How will a new starting quarterback impact Buffalo’s skill-position players from a fantasy perspective?
The No. 7 pick in the 2018 NFL Draft, Josh Allen should make starts sooner rather than later for Sean McDermott’s squad. It seems like most fantasy “experts” pay attention to stats and nothing else, so because Allen was a career 56.2% passer at Wyoming, it’s difficult to find anyone say anything nice about him. There’s basically no point in trying to convince people anymore, as doubters are set in their beliefs, but Allen has all the tools and intangibles to be an elite, high-upside QB1 throughout his career.
A lack of weapons for Buffalo will somewhat cap the potential in 2018, but I still wouldn’t discount a fantasy impact. Everyone knows about Allen’s legendary arm strength, but not everyone realizes that he is basically a blend between Carson Wentz and Cam Newton as a runner in the open field, so the rookie could have streaming value based on rushing production alone. That said, he is probably better left undrafted with a tough stretch to start the season @ BAL, v LAC, @ MIN. If he starts and shines in those games, Allen would need to be picked up in all leagues.
With a strong camp and preseason, it’s possible the rookie could give Buffalo no choice but to start him in Week 1, but the more likely scenario is probably A.J. McCarron starting and seeing what he could do against the difficult early-season slate. I like McCarron and think he could win some games for the Bills; as a fantasy option, though, the two-time national champion doesn’t carry a high floor or ceiling with Kelvin Benjamin and not much else to throw to.
Nathan Peterman has apparently looked really good this offseason leading up to what will apparently be a three-way competition, but like McCarron, he is highly unlikely to work his way into fantasy consideration if named the starter. I think Peterman or McCarron opening the year as the starter could just be as a “sacrificial lamb” against three of the league’s best defenses in September.
Despite coming off his fifth-straight Pro Bowl appearance, LeSean McCoy has all the makings of an early-round fantasy bust in 2018. He might be able to get by on just volume with no other options to get excited about in the backfield, but McCoy is coming off a career-low 4.0 yards per carry, lost three above-average starters on the offensive line, just had well over 300 touches (346) for the first time in Buffalo, and turns 30-years-old next week. New offensive coordinator Brian Daboll will want to pound the ball, but McCoy is going to consistently face stacked boxes no matter who is under center.
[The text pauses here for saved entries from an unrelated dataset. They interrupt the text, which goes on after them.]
definition clique_number :: "('a \<Rightarrow> 'a \<Rightarrow> bool) \<Rightarrow> 'a set \<Rightarrow> nat" where
  "clique_number E S = Max {card C | C. C \<subseteq> S \<and> is_clique E C}"

definition perfect :: "'a set \<Rightarrow> ('a \<Rightarrow> 'a \<Rightarrow> bool) \<Rightarrow> bool" where
  "perfect V E \<longleftrightarrow> (\<forall>S \<subseteq> V. chromatic_number E S = clique_number E S)"

definition K4_free :: "'a set \<Rightarrow> ('a \<Rightarrow> 'a \<Rightarrow> bool) \<Rightarrow> bool" where
  "K4_free V E \<longleftrightarrow> \<not> (\<exists>C \<subseteq> V. card C = 4 \<and> is_clique E C)"

end

theory Submission
  imports Defs
begin

text \<open>If G is perfect and K4-free then its chromatic number equals its clique number,
  which is at most 3. Conversely a 3-colourable graph is K4-free, and an induced subgraph
  with clique number 3 trivially has chromatic number 3. An induced subgraph with clique
  number at most 2 is triangle-free, so it is bipartite unless it has an odd closed walk,
  and a shortest one is an odd hole of G. In a dually chordal K4-free graph every hole
  has a vertex adjacent to all of its vertices (by induction along a maximum neighbourhood
  ordering), and an odd hole with such a vertex is an odd wheel, which is not
  3-colourable.\<close>

lemma simple_graph_sym: "simple_graph V E \<Longrightarrow> E u v \<Longrightarrow> E v u"
  and simple_graph_irrefl: "simple_graph V E \<Longrightarrow> \<not> E v v"
  and simple_graph_in_vertices: "simple_graph V E \<Longrightarrow> E u v \<Longrightarrow> u \<in> V"
  and simple_graph_finite: "simple_graph V E \<Longrightarrow> finite V"
  unfolding simple_graph_def by blast+

section \<open>Cliques and colourings\<close>

lemma clique_card_le_colours:
  assumes "colourable E S k" "C \<subseteq> S" "is_clique E C"
  shows "card C \<le> k"
proof -
  obtain c :: "'a \<Rightarrow> nat" where c: "\<forall>v\<in>S. c v < k" "\<forall>u\<in>S. \<forall>v\<in>S. E u v \<longrightarrow> c u \<noteq> c v"
    using assms(1) unfolding colourable_def by blast
  have "inj_on c C"
  proof (rule inj_onI)
    fix x y assume "x \<in> C" "y \<in> C" "c x = c y"
    then show "x = y" using c(2) assms(2,3) unfolding is_clique_def by blast
  qed
  moreover have "c ` C \<subseteq> {..<k}" using c(1) assms(2) by auto
  ultimately have "card C \<le> card {..<k}" by (intro card_inj_on_le) auto
  then show ?thesis by simp
qed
Backing up McCoy will be veteran Chris Ivory, who is the only other established early-down option currently on the roster. Since the only 1,000-yard season of his career (with the Jets in 2015), Ivory has rushed for a combined 821 yards and four touchdowns on 229 attempts (3.6 YPC) in Jacksonville over the past two years. He would probably be nothing more than a touchdown-dependent FLEX if forced into the lead role.
Travaris Cadet, Taiwan Jones, and Marcus Murphy are all going to fight for the No. 3 job, but none of them would be worth picking up outside of deeper PPR leagues. I think the Bills might be a team that picks up a veteran or perhaps trades for someone this summer.
Kelvin Benjamin saw his numbers predictably tumble following a trade from the Panthers to the Bills last October, but more concerning is his overall production falling for the third consecutive season. The big-bodied receiver could and should become a favorite of Josh Allen, A.J. McCarron, or Nathan Peterman, but I think he’s being drafted aptly as the WR44 in Round 12 because despite a great touchdown ceiling, he lacks the overall upside of other options.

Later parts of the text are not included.